4. Popularity-Aware In-Network Caching Policy

Identifying the popularity of contents and caching them to the suitable network level is crucial for the popularity-aware caching policy (Pop). This section will present a demonstration of Pop first and then introduce the implementation of the key mechanisms in detail.

According to the analysis in Section 3.2, the popularity of content will affect the request probability distribution in each level node. So, we can distinguish the popularity of contents according to the request records in caching nodes.

As a demonstration, we still use the standard binary tree network to explain main idea of the Pop policy. We use LRU as the eviction policy due to its excellent performance (evaluation details in Section 5.2), and the processing of caching decision is showed as Figure 3. Now, we consider a user node sends three contents requests to the cloud. They are high popularity content Ra, medium popularity content Rb, and low popularity content Rc. These PIT tables (NDN module, details in Section 4.1) will record three content requests (Ra, Rb, and Rc), and their in-records are all marked in the right sub-Face. After that, while waiting for the cloud content return, the N1, N2, and N3 nodes will continue to receive content requests ( shown in Figure 3) from the upper sub-Face. According to the analysis of request probability, content popularity, and node location in Section 3.2. The N1 node has a great chance to receive Ra and Rb content requests on the upper sub-Face. N2 node may receive Ra request. The probability of the N3 node receiving these content requests is extremely low.

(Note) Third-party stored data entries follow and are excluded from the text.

text \<open>
  An integer point of \<open>F\<^sub>1\<close> is a legal dominating sequence: \<open>y v i = 1\<close> means that \<open>v\<close> is
  chosen at step \<open>i\<close>, and \<open>x u i = 1\<close> that \<open>u\<close> is still undominated after step \<open>i\<close>.
  At most one vertex is chosen per step, each vertex at most once, and every chosen vertex
  dominates a new vertex. Since the left-hand side is linear, it suffices to check such points.
  A vertex chosen no earlier than a vertex whose neighbourhood contains its own dominates
  nothing new, so by (H2), (H3) and the monotonicity of \<open>j\<close> at most one of the terms
  \<open>y v i\<close> with \<open>v \<in> N\<close> and \<open>y (w r) a\<close> with \<open>j r \<le> a \<le> j (r + 1)\<close> is \<open>1\<close>.
  Such a choice is made by a vertex of \<open>N\<^sup>p\<langle>U\<rangle>\<close> at a step \<open>\<le> i\<close>, so it dominates all of \<open>U\<close> and the \<open>x\<close>-terms vanish.
  If \<open>z\<close> is chosen at step \<open>k\<close> and \<open>c = |N\<langle>z\<rangle> \<inter> U|\<close>, the \<open>k\<close>-terms contribute
  \<open>min c (p - 1)\<close>, while at most \<open>p - c\<close> vertices of \<open>U\<close> are undominated at step \<open>i \<ge> k\<close>.
\<close>

lemma sum_le_one_if_at_most_one_pos:
  fixes f :: "'b \<Rightarrow> real"
  assumes "finite A" and bounds: "\<And>a. a \<in> A \<Longrightarrow> 0 \<le> f a \<and> f a \<le> 1"
    and at_most_one: "\<And>a b. a \<in> A \<Longrightarrow> b \<in> A \<Longrightarrow> 0 < f a \<Longrightarrow> 0 < f b \<Longrightarrow> a = b"
  shows "sum f A \<le> 1"
proof (cases "\<exists>a\<in>A. 0 < f a")
  case True
  then obtain a where a: "a \<in> A" "0 < f a" by blast
  have "sum f A = sum f {a}"
    using assms a by (intro sum.mono_neutral_right) (auto simp: order_less_le)
  then show ?thesis using bounds a by simp
next
  case False
  then have "sum f A \<le> 0" by (intro sum_nonpos) (simp add: not_less)
  then show ?thesis by simp
qed

lemma sum_01_pos_imp_one:
  fixes f :: "'b \<Rightarrow> real"
  assumes "\<And>a. a \<in> A \<Longrightarrow> f a = 0 \<or> f a = 1" "0 < sum f A"
  shows "\<exists>a\<in>A. f a = 1"
proof (rule ccontr)
  assume "\<not> ?thesis"
  then have "sum f A = 0" using assms(1) by (intro sum.neutral) blast
  with assms(2) show False by simp
qed

lemma mono_on_interval_Suc:
  fixes f :: "nat \<Rightarrow> 'b::order"
  assumes Suc_le: "\<And>n. lo \<le> n \<Longrightarrow> Suc n \<le> hi \<Longrightarrow> f n \<le> f (Suc n)"
    and "lo \<le> r" "r \<le> s" "s \<le> hi"
  shows "f r \<le> f s"
  using \<open>r \<le> s\<close> \<open>s \<le> hi\<close>
proof (induction s rule: dec_induct)
  case (step n)
  then show ?case using Suc_le[of n] \<open>lo \<le> r\<close> by (auto intro: order_trans)
qed simp

lemma antimono_on_interval_Suc:
  fixes f :: "nat \<Rightarrow> 'b::order"
  assumes Suc_le: "\<And>n. lo \<le> n \<Longrightarrow> Suc n \<le> hi \<Longrightarrow> f (Suc n) \<le> f n"
    and "lo \<le> r" "r \<le> s" "s \<le> hi"
  shows "f s \<le> f r"
  using \<open>r \<le> s\<close> \<open>s \<le> hi\<close>
proof (induction s rule: dec_induct)
  case (step n)
  then show ?case using Suc_le[of n] \<open>lo \<le> r\<close> by (auto intro: order_trans)
qed simp

lemma sum_lincomb_swap:
  fixes c :: "nat \<Rightarrow> real"
  shows "(\<Sum>a\<in>A. \<Sum>k<n. c k * f k a) = (\<Sum>k<n. c k * (\<Sum>a\<in>A. f k a))"
  by (subst sum.swap) (simp add: sum_distrib_left)

lemma sum_weighted_lincomb_swap:
  fixes c :: "nat \<Rightarrow> real"
  shows "(\<Sum>a\<in>A. g a * (\<Sum>k<n. c k * f k a)) = (\<Sum>k<n. c k * (\<Sum>a\<in>A. g a * f k a))"
  unfolding sum_distrib_left by (subst sum.swap) (simp add: mult.left_commute)

lemma conv_pts_le:
  fixes L :: "'a pt \<Rightarrow> real"
  assumes linear: "\<And>(n::nat) c s. L (\<lambda>v i. \<Sum>k<n. c k * fst (s k) v i, \<lambda>v i. \<Sum>k<n. c k * snd (s k) v i)
      = (\<Sum>k<n. c k * L (s k))"
    and valid: "\<And>z. z \<in> S \<Longrightarrow> L z \<le> b"
    and "(x, y) \<in> conv_pts S"
  shows "L (x, y) \<le> b"
proof -
  obtain n :: nat and c s where comb: "\<forall>k<n. (0::real) \<le> c k \<and> s k \<in> S" "(\<Sum>k<n. c k) = 1"
      "\<forall>v i. x v i = (\<Sum>k<n. c k * fst (s k) v i)" "\<forall>v i. y v i = (\<Sum>k<n. c k * snd (s k) v i)"
    using \<open>(x, y) \<in> conv_pts S\<close> unfolding conv_pts_def mem_Collect_eq case_prod_conv by blast
  have "(x, y) = (\<lambda>v i. \<Sum>k<n. c k * fst (s k) v i, \<lambda>v i. \<Sum>k<n. c k * snd (s k) v i)"
    using comb(3,4) by (simp add: fun_eq_iff)
  then have "L (x, y) = (\<Sum>k<n. c k * L (s k))" using linear by simp
  also have "\<dots> \<le> (\<Sum>k<n. c k * b)"
    using comb(1) valid by (intro sum_mono mult_left_mono) auto
  also have "\<dots> = b" using comb(2) by (simp add: sum_distrib_right[symmetric])
  finally show ?thesis .
qed

lemma nbhr_card_subset:
  assumes "finite U" "z \<in> nbhr V E C (card U) U"
  shows "U \<subseteq> nbh E C z"
proof -
  have "card (nbh E C z \<inter> U) = card U" using assms(2) unfolding nbhr_def by simp
  then have "nbh E C z \<inter> U = U" using card_subset_eq[OF assms(1)] by blast
  then show ?thesis by blast
qed

locale F1_int_point =
  fixes V :: "'a set" and E :: "'a \<Rightarrow> 'a \<Rightarrow> bool" and C :: "'a set" and m :: nat
    and x y :: "'a \<Rightarrow> nat \<Rightarrow> real"
  assumes graph: "simple_graph V E"
    and feasible: "(x, y) \<in> F1_int V E C m"
begin

lemma finite_V: "finite V"
  using graph unfolding simple_graph_def by blast

lemma nbh_subset_V: "v \<in> V \<Longrightarrow> nbh E C v \<subseteq> V"
  using graph unfolding simple_graph_def nbh_def by auto

lemma finite_nbh: "v \<in> V \<Longrightarrow> finite (nbh E C v)"
  using nbh_subset_V finite_V finite_subset by blast

lemma nbh_sym: "u \<in> nbh E C v \<Longrightarrow> v \<in> nbh E C u"
  using graph unfolding simple_graph_def nbh_def by (auto split: if_splits)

Therefore, when Ra, Rb, and Rc are returned, each caching node will make the caching decision based on the PIT table. We set the caching condition that the returned content will be cached in the first node, which does not record its request in both sub-Faces. According to the records shown in Figure 3, node N1 will cache Rc, node N2 will cache Rb, and node N3 will cache Ra. So far, the Pop policy has completed a distributed caching based on the content popularity and caching node network level.

Besides, the mechanism for reducing caching redundancy is in Section 4.2. The detail and the related algorithm extend the above caching condition to a more generalization and complex hierarchical network are in Section 4.3.

4.1. Request Recording Mechanism

We use NDN as the underlying network. NDN allows establishing communication interfaces between nodes through various underlying protocols, such as Ethernet, TCP, UDP, and Socket. They are unified and abstracted as Face. The communication of NDN is launched by the users, and their requests will be encapsulated in a packet called Interest and routed to the cloud. The content returned by the cloud will be encapsulated in a packet called Data and routed to users. The PIT (Pending Interest Table) is the native mechanism of NDN, whose function is to record the name of Interest that the node has forwarded but has no Data returned from the upstream. Therefore, we can directly use PIT as the request recording mechanism and avoiding the additional design.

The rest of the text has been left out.